In The Field, Lynne McTaggart explains how there is little motivation in today’s largely government-funded scientific establishment to challenge the conventional mechanistic assumptions because “the system of competitive grant-writing and peer review tends to encourage professionals to only carry out experiments that confirm the existing view of things.” The brave pioneers that she investigates in The Field realize fully well that they are risking professional suicide to go against the grain, but they simply cannot ignore the findings of their research. From a variety of approaches they are all coming to the overwhelming realization that “the self has a field of influence on the world and vice versa.”
All this of course has a profound impact on our work as healing music practitioners. Here we can begin to see a science emerging for why the ‘intent’ we bring with our music is so very important for its efficacy. As others have pointed out, music touches us in many ways, and not simply with the physical vibrations of sound, important as those are. The heart/brain coherence described in Part Three and the work of the late Elisabeth Targ on prayer and spiritual healing along with Roger Nelson’s EGG devices measuring Global Consciousness, and the many studies being conducted in the effects of small and massive groups of people meditating together (even if physically separated), all this underscores the power of the mind and heart working together. The application of intent and coherence are like bringing a kind of psychic amplifier to the physical energy of the music itself.
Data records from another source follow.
lemma xpath_ypath:
  assumes n: "0 < n" and X: "\<forall>j<n. X j \<in> carrier_mat r r" and Y: "\<forall>j<n. Y j \<in> carrier_mat r r"
    and XY: "\<forall>j<n. X j * Y j = fps_X \<cdot>\<^sub>m 1\<^sub>m r"
  shows "xpath n r X (cyc_minus n i j) j * ypath n r Y i j = fps_X ^ j \<cdot>\<^sub>m 1\<^sub>m r"
proof (induction j)
  case (Suc j)
  define b where "b = cyc_minus n i j"
  have b: "b < n" "(i + (n - j mod n)) mod n = b"
    using n by (simp_all add: b_def cyc_minus_def)
  have Xb: "X b \<in> carrier_mat r r"
    using X b by simp
  have "xpath n r X (cyc_minus n i (Suc j)) (1 + j) = xpath n r X b j * X b"
    using xpath_add[OF n X, of "cyc_minus n i (Suc j)" 1 j] cyc_minus_Suc[OF n, of i j] Xb
    by (simp add: b_def)
  moreover have "ypath n r Y i (Suc j) = Y b * ypath n r Y i j"
    using b by simp
  moreover have "Y b \<in> carrier_mat r r"
    "xpath n r X b j \<in> carrier_mat r r" "ypath n r Y i j \<in> carrier_mat r r"
    using Y b xpath_carrier[OF n X] ypath_carrier[OF n Y] by auto
  ultimately have "xpath n r X (cyc_minus n i (Suc j)) (Suc j) * ypath n r Y i (Suc j)
      = xpath n r X b j * ((X b * Y b) * ypath n r Y i j)"
    using Xb by (simp add: assoc_mult_mat[of _ r r _ r _ r])
  also have "\<dots> = fps_X \<cdot>\<^sub>m (xpath n r X b j * ypath n r Y i j)"
    using XY b \<open>xpath n r X b j \<in> carrier_mat r r\<close> \<open>ypath n r Y i j \<in> carrier_mat r r\<close>
    by (simp add: mult_smult_distrib mult_smult_assoc_mat[OF one_carrier_mat])
  also have "\<dots> = fps_X ^ Suc j \<cdot>\<^sub>m 1\<^sub>m r"
    using Suc by (simp add: b_def)
  finally show ?case .
qed simp

lemma prev_v_less: "0 < n \<Longrightarrow> prev_v n i < n"
  by (simp add: prev_v_def)

lemma Suc_prev_v_mod: "j < n \<Longrightarrow> Suc (prev_v n j) mod n = j"
  by (cases j) (auto simp: prev_v_def mod_Suc_eq)

lemma cm_rep_Y_X:
  assumes "cm_rep k n r X Y" and "j < n"
  shows "Y j * X j = fps_X \<cdot>\<^sub>m 1\<^sub>m r"
  using assms prev_v_less[of n j] Suc_prev_v_mod[OF assms(2)]
  unfolding cm_rep_def by (metis Suc_eq_plus1 gr_zeroI less_nat_zero_code)

lemma cm_rep_xpath_full_cycle:
  assumes cm: "cm_rep k n r X Y" and n: "0 < n" and k: "k \<le> n"
  shows "xpath n r X 0 n = fps_X ^ (n - k) \<cdot>\<^sub>m 1\<^sub>m r"
proof -
  have X: "\<forall>j<n. X j \<in> carrier_mat r r" and Y: "\<forall>j<n. Y j \<in> carrier_mat r r"
    and XY: "\<forall>j<n. X j * Y j = fps_X \<cdot>\<^sub>m 1\<^sub>m r"
    and x_eq_y: "xpath n r X 0 k = ypath n r Y 0 (n - k)"
    using cm n unfolding cm_rep_def by auto
  have "k mod n = cyc_minus n 0 (n - k)"
    using k by (cases "k = 0") (auto simp: cyc_minus_def)
  then have "xpath n r X 0 n = xpath n r X (cyc_minus n 0 (n - k)) (n - k) * ypath n r Y 0 (n - k)"
    using xpath_add[OF n X, of 0 k "n - k"] k x_eq_y by simp
  also have "\<dots> = fps_X ^ (n - k) \<cdot>\<^sub>m 1\<^sub>m r"
    using xpath_ypath[OF n X Y XY] .
  finally show ?thesis .
qed

lemma cm_rep_X_factor_chain:
  assumes cm: "cm_rep k n 2 X Y" and n: "0 < n" and k: "k \<le> n"
  shows "X_factor_chain n (n - k) (xpath n 2 X 0)"
proof
  show "xpath n 2 X 0 0 = 1\<^sub>m 2" by simp
  show "xpath n 2 X 0 n = fps_X ^ (n - k) \<cdot>\<^sub>m 1\<^sub>m 2"
    using cm_rep_xpath_full_cycle[OF cm n k] .
  fix j assume "j < n"
  have "Suc j mod n < n" using n by simp
  then show "\<exists>A B. A \<in> carrier_mat 2 2 \<and> B \<in> carrier_mat 2 2 \<and> A * B = fps_X \<cdot>\<^sub>m 1\<^sub>m 2 \<and>
      B * A = fps_X \<cdot>\<^sub>m 1\<^sub>m 2 \<and> xpath n 2 X 0 (Suc j) = A * xpath n 2 X 0 j"
    using cm cm_rep_Y_X[OF cm] unfolding cm_rep_def
    by (intro exI[of _ "X (Suc j mod n)"] exI[of _ "Y (Suc j mod n)"]) auto
qed

lemma cm_rep_X_xpath_prev:
  assumes cm: "cm_rep k n r X Y" and k: "k \<le> n" and i: "i < n"
  shows "\<exists>c. c \<noteq> 0 \<and> X i * xpath n r X 0 (prev_v n i) = c \<cdot>\<^sub>m xpath n r X 0 i"
proof (cases i)
  case 0
  obtain m where "n = Suc m"
    using i by (cases n) auto
  then have "X i * xpath n r X 0 (prev_v n i) = xpath n r X 0 n"
    using 0 by (simp add: prev_v_def)
  then show ?thesis
    using cm_rep_xpath_full_cycle[OF cm _ k] 0 i by (intro exI[of _ "fps_X ^ (n - k)"]) auto
next
  case (Suc i')
  then have "X i * xpath n r X 0 (prev_v n i) = xpath n r X 0 i"
    using i by (simp add: prev_v_def)
  moreover have "xpath n r X 0 i \<in> carrier_mat r r"
    using cm i xpath_carrier[of n X r] unfolding cm_rep_def by auto
  ultimately show ?thesis
    by (intro exI[of _ 1]) simp
qed

lemma subrep_saturated_lines:
  fixes X Y P :: "nat \<Rightarrow> complex fps mat"
  assumes n: "0 < n"
    and X: "\<forall>i<n. X i \<in> carrier_mat 2 2" and Y: "\<forall>i<n. Y i \<in> carrier_mat 2 2"
    and YX: "\<forall>i<n. Y i * X i = fps_X \<cdot>\<^sub>m 1\<^sub>m 2" and P: "\<forall>i<n. P i \<in> carrier_mat 2 2"
    and XP: "\<forall>i<n. \<exists>c. c \<noteq> 0 \<and> X i * P (prev_v n i) = c \<cdot>\<^sub>m P i"
    and u: "u \<in> carrier_vec 2"
  shows "subrep n 2 X Y (\<lambda>i. saturated_line (P i *\<^sub>v u))"
  unfolding subrep_def
proof (intro conjI allI impI ballI)
  fix i assume i: "i < n"
  then obtain c where c: "c \<noteq> 0" "X i * P (prev_v n i) = c \<cdot>\<^sub>m P i"
    using XP by blast
  have Xi: "X i \<in> carrier_mat 2 2" and Yi: "Y i \<in> carrier_mat 2 2"
    and Pi: "P i \<in> carrier_mat 2 2" and Pp: "P (prev_v n i) \<in> carrier_mat 2 2"
    using X Y P i prev_v_less[OF n] by auto
  have XPu: "X i *\<^sub>v (P (prev_v n i) *\<^sub>v u) = c \<cdot>\<^sub>v (P i *\<^sub>v u)"
    using c(2) Xi Pi Pp u by (simp add: assoc_mult_mat_vec[symmetric] smult_mat_mult_mat_vec)
  show "submod 2 (saturated_line (P i *\<^sub>v u))"
    by (rule submod_saturated_line)
  show "X i *\<^sub>v v \<in> saturated_line (P i *\<^sub>v u)" if "v \<in> saturated_line (P (prev_v n i) *\<^sub>v u)" for v
    using mult_mat_vec_in_saturated_line[where c = 1, OF Xi _ _ _ c(1) that] XPu Pi Pp u by simp
  have "c \<cdot>\<^sub>v (Y i *\<^sub>v (P i *\<^sub>v u)) = (Y i * X i) *\<^sub>v (P (prev_v n i) *\<^sub>v u)"
    using XPu Xi Yi Pi Pp u by (simp add: mult_mat_vec_smult[symmetric])
  also have "\<dots> = fps_X \<cdot>\<^sub>v (P (prev_v n i) *\<^sub>v u)"
    using YX i Pp u smult_mat_mult_mat_vec[OF one_carrier_mat, of "P (prev_v n i) *\<^sub>v u" 2] by simp
  finally show "Y i *\<^sub>v v \<in> saturated_line (P (prev_v n i) *\<^sub>v u)"
    if "v \<in> saturated_line (P i *\<^sub>v u)" for v
    using mult_mat_vec_in_saturated_line[OF Yi _ _ _ _ that] Pi Pp u by simp
qed

lemma decomposable_of_splitting_basis:
  fixes X Y P :: "nat \<Rightarrow> complex fps mat"
  assumes n: "0 < n"
    and X: "\<forall>i<n. X i \<in> carrier_mat 2 2" and Y: "\<forall>i<n. Y i \<in> carrier_mat 2 2"
    and YX: "\<forall>i<n. Y i * X i = fps_X \<cdot>\<^sub>m 1\<^sub>m 2"
    and P: "\<forall>i<n. P i \<in> carrier_mat 2 2 \<and> det (P i) \<noteq> 0"
    and XP: "\<forall>i<n. \<exists>c. c \<noteq> 0 \<and> X i * P (prev_v n i) = c \<cdot>\<^sub>m P i"
    and u: "u \<in> carrier_vec 2" and w: "w \<in> carrier_vec 2" and uw: "is_unit (det2 u w)"
    and bound: "\<forall>i<n. subdegree (det (P i)) \<le> content_val (P i *\<^sub>v u) + content_val (P i *\<^sub>v w)"
  shows "decomposable n 2 X Y"
proof -
  define N1 N2 where "N1 = (\<lambda>i. saturated_line (P i *\<^sub>v u))"
    and "N2 = (\<lambda>i. saturated_line (P i *\<^sub>v w))"
  have Pc: "\<forall>i<n. P i \<in> carrier_mat 2 2" using P by blast
  have sub: "subrep n 2 X Y N1" "subrep n 2 X Y N2"
    using subrep_saturated_lines[OF n X Y YX Pc XP] u w by (simp_all add: N1_def N2_def)
  have u0: "u \<noteq> 0\<^sub>v 2" and w0: "w \<noteq> 0\<^sub>v 2"
    using uw by (auto simp: det2_def)
  have nontrivial: "P 0 *\<^sub>v v \<in> saturated_line (P 0 *\<^sub>v v) - {0\<^sub>v 2}"
    if "v \<in> carrier_vec 2" "v \<noteq> 0\<^sub>v 2" for v
    using mult_mat_vec_neq_zero[of "P 0" 2 v] P n that by (auto simp: saturated_line_def)
  have direct_sum: "\<exists>!xy. fst xy \<in> N1 i \<and> snd xy \<in> N2 i \<and> v = fst xy + snd xy"
    if i: "i < n" and v: "v \<in> carrier_vec 2" for i v
  proof -
    have Pi: "P i \<in> carrier_mat 2 2" "det (P i) \<noteq> 0" using P i by auto
    have d: "det2 (P i *\<^sub>v u) (P i *\<^sub>v w) = det (P i) * det2 u w"
      using det2_mult_mat_vec[OF Pi(1) u w] .
    then have d0: "det2 (P i *\<^sub>v u) (P i *\<^sub>v w) \<noteq> 0"
      using Pi uw by auto
    have "subdegree (det2 (P i *\<^sub>v u) (P i *\<^sub>v w))
        \<le> content_val (P i *\<^sub>v u) + content_val (P i *\<^sub>v w)"
    proof -
      have "det2 u w \<noteq> 0" "subdegree (det2 u w) = 0"
        using uw by (auto simp: fps_is_unit_iff)
      then show ?thesis
        using d Pi bound i by (simp add: subdegree_mult)
    qed
    then obtain x y where "x \<in> N1 i" "y \<in> N2 i" "v = x + y"
      using saturated_lines_span[OF _ _ d0 _ v] Pi u w by (auto simp: N1_def N2_def)
    moreover have "N1 i \<inter> N2 i = {0\<^sub>v 2}"
      using saturated_line_inter[OF _ _ d0] Pi u w by (simp add: N1_def N2_def)
    ultimately show ?thesis
      using ex1_decomposition_of_direct_sum[of 2 "N1 i" "N2 i" x y] submod_saturated_line
      by (simp add: N1_def N2_def)
  qed
  have "N1 0 \<noteq> {0\<^sub>v 2}" "N2 0 \<noteq> {0\<^sub>v 2}"
    using nontrivial[OF u u0] nontrivial[OF w w0] by (auto simp: N1_def N2_def)
  then show ?thesis
    unfolding decomposable_def using sub direct_sum n by blast
qed

lemma cm_rep_rank_2_decomposable:
  assumes cm: "cm_rep k n 2 X Y" and n: "0 < n" and k: "k \<le> n" and n5: "n \<le> 5"
  shows "decomposable n 2 X Y"
proof -
  interpret X_factor_chain n "n - k" "xpath n 2 X 0"
    using cm_rep_X_factor_chain[OF cm n k] .
  obtain u w where u: "u \<in> carrier_vec 2" and w: "w \<in> carrier_vec 2" and uw: "is_unit (det2 u w)"
    and bound: "\<And>i. i < n \<Longrightarrow>
      subdegree (det (xpath n 2 X 0 i))
        \<le> content_val (xpath n 2 X 0 i *\<^sub>v u) + content_val (xpath n 2 X 0 i *\<^sub>v w)"
    using exists_splitting_basis[OF n5] by blast
  show ?thesis
  proof (rule decomposable_of_splitting_basis[OF n _ _ _ _ _ u w uw])
    show "\<forall>i<n. X i \<in> carrier_mat 2 2" "\<forall>i<n. Y i \<in> carrier_mat 2 2"
      using cm by (auto simp: cm_rep_def)
    show "\<forall>i<n. Y i * X i = fps_X \<cdot>\<^sub>m 1\<^sub>m 2"
      using cm_rep_Y_X[OF cm] by blast
    show "\<forall>i<n. xpath n 2 X 0 i \<in> carrier_mat 2 2 \<and> det (xpath n 2 X 0 i) \<noteq> 0"
      using P_carrier_det by simp
    show "\<forall>i<n. \<exists>c. c \<noteq> 0 \<and> X i * xpath n 2 X 0 (prev_v n i) = c \<cdot>\<^sub>m xpath n 2 X 0 i"
      using cm_rep_X_xpath_prev[OF cm k] by blast
  qed (use bound in blast)
qed

theorem corollary3p5:
  fixes k n :: nat
  assumes "1 \<le> k" and "k \<le> n - 1" and "n < 6"
  shows "\<not> (\<exists>X Y. cm_rep k n 2 X Y \<and> indecomposable n 2 X Y)"
proof
  assume "\<exists>X Y. cm_rep k n 2 X Y \<and> indecomposable n 2 X Y"
  then obtain X Y where cm: "cm_rep k n 2 X Y" and ind: "indecomposable n 2 X Y"
    by blast
  have "decomposable n 2 X Y"
    using cm_rep_rank_2_decomposable[OF cm] assms by simp
  then show False
    using ind by (simp add: indecomposable_def)
qed

end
As I read The Field, I am encouraged by the dedication and persistence of the many brave scientific pioneers Lynne McTaggart describes. These ideas resonate within me as they intuitively have done for many years every time I come in contact with this kind of work. I am happy to see new in-roads of understanding and dialogue emerging between the complementary modalities of healing and the conventional western institutions of science and medicine. There is a great deal more research to do in this arena and I look forward to helping that happen in whatever way I can in my little corner of the universe. Especially now as I realize that thanks to The Field, my little corner of the universe reaches out infinitely in all directions.